Катя уже совсем было сползла с её тощей спины, но коза почувствовала её намерение удрать и, ловко подкинув её задом, чтобы не съезжала, радостно затараторила:

— Ты мне нужна. У меня теперь есть спонсор, такое шоу закрутим! «Девочка и Огуречная Лошадка!» В общем, соглашайся! Я — Огуречная Лошадка, а ты — моя девочка.

Они уже подъезжали к опушке леса. Над деревьями высоко поднимался единственный дуб. Старый знакомый. Здесь была мягкая гусиная травка, и Катя приготовилась падать. Она отпустила рога и кубарем полетела в кусты.

На ветке дуба сидел Дятел. Да-да! Всё в том же, но теперь слегка потёртом чёрном жилете и в красном, немного полинявшем картузике.

— Дятел! Здравствуй, Дятел!

Дятел церемонно поклонился и шаркнул ножкой:

— С мягкой посадкой. Ты что, с дуба свалилась?

— Да нет, это я с козы Алексашеньки, — вставая и отряхивая платье, засмеялась Катя.

— А она здесь всё время тренируется. Пойдём ко мне в гости, — приплясывал Дятел на ветке. — Потолкуем, чайку попьём, славно проведём вечерок. Я, признаюсь, старый сплетник, очень люблю всякие новости!

— А что белки? Как они? Живы-здоровы? — спрашивала Катя, ставя ногу на нижнюю ступеньку знакомой лесенки, иссушенной солнцем и ветрами.

— О! Профессор Хвостатов пережил большое горе. Белочка заболела от простуды и умерла в феврале, когда были сильные ветры и морозы. Он очень плакал. Но пришла весна, и он снова женился. И знаете, Катенька, кажется, опять очень удачно. Его новая жена — Кротиха. Да-да! Надо же, совершенно противоположные натуры, абсолютно разные характеры. И вот тебе на! — Дятел пожимал плечами, крутил носом, и непонятно было, рад он за профессора или осуждает его.

Он открыл маленькую круглую дверцу и пропустил гостью в своё гнездо.

— А я, знаете ли, убеждённый холостяк, — вздохнул Дятел. — Живу один. Была у меня жена Дятлиха — настырная, носатая, упрямая! Упрётся в своё — и долбит, и долбит… Но я её передолбил, и она меня бросила. Вот теперь один.

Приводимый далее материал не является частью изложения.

(* Let $H$ be a separable complex Hilbert space and $X$ a locally compact space with positive Borel measure $\mu$. Then $$F=\operatorname{GL}^+(H)\,U(H)\,\overline{F}_0=\operatorname{GL}(H)\,\overline{F}_0=\operatorname{GL}^+(H)\,F_0,$$ and for each $f\in F$ the factorization of $f$ in $\operatorname{GL}^+(H)U(H)\overline{F}_0$ as $$f=S(f)^{1/2}\,U(T(f))\,\sigma(T(f))$$ is unique, where $T(f)=S(f)^{-1/2}f$.
   Context: A frame on $H$ is a map $f:X\to H$ such that $x\mapsto\langle\phi,f(x)\rangle$ is measurable for every $\phi\in H$ and there exist $0<A\le B$ with $A\|\phi\|^2\le\int_X|\langle\phi,f(x)\rangle|^2d\mu(x)\le B\|\phi\|^2$ for all $\phi$; it is Parseval if $A=B=1$. Its frame operator is $S(f)\phi=\int_X\langle\phi,f(x)\rangle f(x)\,d\mu(x)$. $\operatorname{GL}(H)$ is the group of bounded invertible operators with bounded inverse, $\operatorname{GL}^+(H)$ its positive elements, $U(H)$ the unitary group. $F$ is the set of frames $f$ with $\sup_x\|f(x)\|_H<\infty$, $F_0$ the Parseval ones; $(Af)(x)=A[f(x)]$, and products such as $\operatorname{GL}(H)\overline{F}_0$ denote sets $\{Af\}$. $\overline{F}_0\subset F_0$ is a fixed transversal of $F_0/U(H)$ (exactly one element from each orbit $\{Vf:V\in U(H)\}$); each $f\in F_0$ factors uniquely as $f=U(f)\sigma(f)$ with $U(f)\in U(H)$, $\sigma(f)\in\overline{F}_0$. *)

theory Defs
  imports "HOL-Analysis.Analysis"
begin

class complex_vector = real_vector +
  fixes scaleC :: "complex \<Rightarrow> 'a \<Rightarrow> 'a"  (infixr \<open>*\<^sub>C\<close> 75)
  assumes scaleC_of_real: "scaleC (of_real r) x = scaleR r x"
    and scaleC_add_right: "scaleC a (x + y) = scaleC a x + scaleC a y"
    and scaleC_add_left: "scaleC (a + b) x = scaleC a x + scaleC b x"
    and scaleC_scaleC: "scaleC a (scaleC b x) = scaleC (a * b) x"
    and scaleC_one: "scaleC 1 x = x"

text \<open>Separability of the (metric)
  Hilbert space is expressed by the class second_countable_topology.\<close>

class chilbert_space = complex_vector + banach +
  fixes cinner :: "'a \<Rightarrow> 'a \<Rightarrow> complex"
  assumes cinner_commute: "cinner x y = cnj (cinner y x)"
    and cinner_add_left: "cinner (x + y) z = cinner x z + cinner y z"
    and cinner_scaleC_left: "cinner (scaleC a x) y = a * cinner x y"
    and cinner_self_real: "Im (cinner x x) = 0"
    and norm_eq_sqrt_cinner: "norm x = sqrt (Re (cinner x x))"

definition bounded_clinear_op :: "('h::chilbert_space \<Rightarrow> 'h) \<Rightarrow> bool" where
  "bounded_clinear_op A \<longleftrightarrow>
     (\<forall>x y. A (x + y) = A x + A y) \<and> (\<forall>c x. A (c *\<^sub>C x) = c *\<^sub>C A x) \<and>
     (\<exists>K. \<forall>x. norm (A x) \<le> K * norm x)"

definition GL :: "('h::chilbert_space \<Rightarrow> 'h) set" where
  "GL = {A. bounded_clinear_op A \<and> bij A \<and> bounded_clinear_op (inv A)}"

definition positive_op :: "('h::chilbert_space \<Rightarrow> 'h) \<Rightarrow> bool" where
  "positive_op A \<longleftrightarrow> bounded_clinear_op A \<and>
     (\<forall>x. Im (cinner (A x) x) = 0 \<and> Re (cinner (A x) x) \<ge> 0)"

definition GL_pos :: "('h::chilbert_space \<Rightarrow> 'h) set" where
  "GL_pos = {A \<in> GL. positive_op A}"

definition unitary_group :: "('h::chilbert_space \<Rightarrow> 'h) set" where
  "unitary_group = {U. bounded_clinear_op U \<and> surj U \<and> (\<forall>x y. cinner (U x) (U y) = cinner x y)}"

definition op_sqrt :: "('h::chilbert_space \<Rightarrow> 'h) \<Rightarrow> ('h \<Rightarrow> 'h)" where
  "op_sqrt S = (THE R. positive_op R \<and> R \<circ> R = S)"

definition op_inv_sqrt :: "('h::chilbert_space \<Rightarrow> 'h) \<Rightarrow> ('h \<Rightarrow> 'h)" where
  "op_inv_sqrt S = inv (op_sqrt S)"

definition weakly_measurable :: "'x measure \<Rightarrow> ('x \<Rightarrow> 'h::chilbert_space) \<Rightarrow> bool" where
  "weakly_measurable \<mu> f \<longleftrightarrow> (\<forall>\<phi>. (\<lambda>x. cinner \<phi> (f x)) \<in> borel_measurable \<mu>)"

definition frame :: "'x measure \<Rightarrow> ('x \<Rightarrow> 'h::chilbert_space) \<Rightarrow> bool" where
  "frame \<mu> f \<longleftrightarrow> weakly_measurable \<mu> f \<and>
     (\<exists>A B. 0 < A \<and> A \<le> B \<and>
        (\<forall>\<phi>. ennreal (A * (norm \<phi>)\<^sup>2) \<le> (\<integral>\<^sup>+ x. ennreal ((cmod (cinner \<phi> (f x)))\<^sup>2) \<partial>\<mu>) \<and>
              (\<integral>\<^sup>+ x. ennreal ((cmod (cinner \<phi> (f x)))\<^sup>2) \<partial>\<mu>) \<le> ennreal (B * (norm \<phi>)\<^sup>2)))"

definition parseval_frame :: "'x measure \<Rightarrow> ('x \<Rightarrow> 'h::chilbert_space) \<Rightarrow> bool" where
  "parseval_frame \<mu> f \<longleftrightarrow> weakly_measurable \<mu> f \<and>
     (\<forall>\<phi>. (\<integral>\<^sup>+ x. ennreal ((cmod (cinner \<phi> (f x)))\<^sup>2) \<partial>\<mu>) = ennreal ((norm \<phi>)\<^sup>2))"

definition bframes :: "'x measure \<Rightarrow> ('x \<Rightarrow> 'h::chilbert_space) set" where
  "bframes \<mu> = {f. frame \<mu> f \<and> (\<exists>C. \<forall>x. norm (f x) \<le> C)}"

definition bparseval_frames :: "'x measure \<Rightarrow> ('x \<Rightarrow> 'h::chilbert_space) set" where
  "bparseval_frames \<mu> = {f. parseval_frame \<mu> f \<and> (\<exists>C. \<forall>x. norm (f x) \<le> C)}"

definition frame_op :: "'x measure \<Rightarrow> ('x \<Rightarrow> 'h::chilbert_space) \<Rightarrow> ('h \<Rightarrow> 'h)" where
  "frame_op \<mu> f = (THE S. bounded_clinear_op S \<and>
     (\<forall>\<phi> \<psi>. cinner (S \<phi>) \<psi> = (LINT x|\<mu>. cinner \<phi> (f x) * cinner (f x) \<psi>)))"

definition frame_T :: "'x measure \<Rightarrow> ('x \<Rightarrow> 'h::chilbert_space) \<Rightarrow> ('x \<Rightarrow> 'h)" where
  "frame_T \<mu> f = (\<lambda>x. op_inv_sqrt (frame_op \<mu> f) (f x))"

definition transversal :: "'x measure \<Rightarrow> ('x \<Rightarrow> 'h::chilbert_space) set \<Rightarrow> bool" where
  "transversal \<mu> Fb \<longleftrightarrow> Fb \<subseteq> bparseval_frames \<mu> \<and>
     (\<forall>f \<in> bparseval_frames \<mu>. \<exists>!g. g \<in> Fb \<and> (\<exists>V \<in> unitary_group. f = V \<circ> g))"

definition sigma_tr :: "('x \<Rightarrow> 'h::chilbert_space) set \<Rightarrow> ('x \<Rightarrow> 'h) \<Rightarrow> ('x \<Rightarrow> 'h)" where
  "sigma_tr Fb f = (THE g. g \<in> Fb \<and> (\<exists>V \<in> unitary_group. f = V \<circ> g))"

definition U_tr :: "('x \<Rightarrow> 'h::chilbert_space) set \<Rightarrow> ('x \<Rightarrow> 'h) \<Rightarrow> ('h \<Rightarrow> 'h)" where
  "U_tr Fb f = (THE V. V \<in> unitary_group \<and> f = V \<circ> sigma_tr Fb f)"

end

theory Submission
  imports Defs
begin

(*
  The frame operator S of a bounded frame f is positive and coercive (the lower
  frame bound), so it has a positive invertible square root, obtained from the binomial series
  of \<surd>(1 - t) evaluated at the strict contraction I - S/c.  Then T f = S^(-1/2) f is a
  Parseval frame, since its frame integral at \<phi> is \<langle>S S^(-1/2) \<phi>, S^(-1/2) \<phi>\<rangle> = \<parallel>\<phi>\<parallel>\<^sup>2.  Conversely,
  A g is a bounded frame with frame operator A A* for every A \<in> GL(H) and bounded Parseval g.
  For uniqueness, if f = A V g with A positive invertible, the frame operator of f is A\<^sup>2, so
  A = S^(1/2) by uniqueness of positive square roots; hence V g = T f, whose factorization through
  the transversal is unique because a unitary is determined by its action on a Parseval frame.
*)

lemma scaleC_zero_right [simp]: "c *\<^sub>C (0::'a::complex_vector) = 0"
  using scaleC_add_right[of c 0 0] by simp

lemma scaleC_minus_right: "c *\<^sub>C (- (x::'a::complex_vector)) = - (c *\<^sub>C x)"
  using scaleC_add_right[of c "- x" x] by (simp add: eq_neg_iff_add_eq_0)

lemma scaleC_diff_right: "c *\<^sub>C ((x::'a::complex_vector) - y) = c *\<^sub>C x - c *\<^sub>C y"
  unfolding diff_conv_add_uminus scaleC_add_right scaleC_minus_right ..

lemma scaleR_scaleC_commute: "r *\<^sub>R (c *\<^sub>C (v::'a::complex_vector)) = c *\<^sub>C (r *\<^sub>R v)"
  by (simp add: scaleC_of_real[symmetric] scaleC_scaleC mult.commute)

declare scaleC_one [simp]

lemma nonneg_quadratic_imp_bound:
  fixes a q e :: real
  assumes "\<And>t. 0 \<le> a - 2*t*q + (t*t)*q*e" "q \<ge> 0" "e \<ge> 0"
  shows "q \<le> a * e"
proof (cases "e = 0")
  case True
  show ?thesis
  proof (rule ccontr)
    assume "\<not> ?thesis"
    hence "q > 0" using True by simp
    hence "2*((a+1)/(2*q))*q = a + 1" by simp
    thus False using assms(1)[of "(a+1)/(2*q)"] True by simp
  qed
next
  case False
  hence e: "e > 0" using assms by simp
  have "0 \<le> a - 2*(1/e)*q + ((1/e)*(1/e))*q*e" by (rule assms(1))
  also have "((1/e)*(1/e))*q*e = q/e" using e by (simp add: power2_eq_square)
  finally have "q / e \<le> a" by simp
  thus ?thesis using e by (simp add: pos_divide_le_eq)
qed

locale hermitian_form =
  fixes B :: "'a::complex_vector \<Rightarrow> 'a \<Rightarrow> complex"
  assumes add_left: "B (x + y) z = B x z + B y z"
    and scaleC_left: "B (c *\<^sub>C x) z = c * B x z"
    and hermitian: "B x y = cnj (B y x)"
begin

Кате было всё это удивительно и немного смешно, но она боялась, что Дятел перестанет рассказывать ей свои трогательные истории, и слушала, не сводя с него глаз.

— А вчера я влюбился в Синицу, — радостно блестя глазами, продолжал он почему-то шёпотом. — Умница! Красавица! Певица! Но разве она пойдёт за меня, дурака старого? — Бедняга сокрушённо вздохнул.

Катя с любопытством оглядывалась. По стенам развешано множество полочек, сделанных из сучочков и щепочек. Они были набиты всякой всячиной: журналами, растрёпанными книжечками. Как-то бочком в угол входил маленький письменный стол, к которому были привёрнуты чёрные тисочки. Лежали отвёртки, молоточки, лупа, а в выдвинутых ящиках, в коробочках и баночках теснились мелкие винтики-шурупчики и прочая мелочь.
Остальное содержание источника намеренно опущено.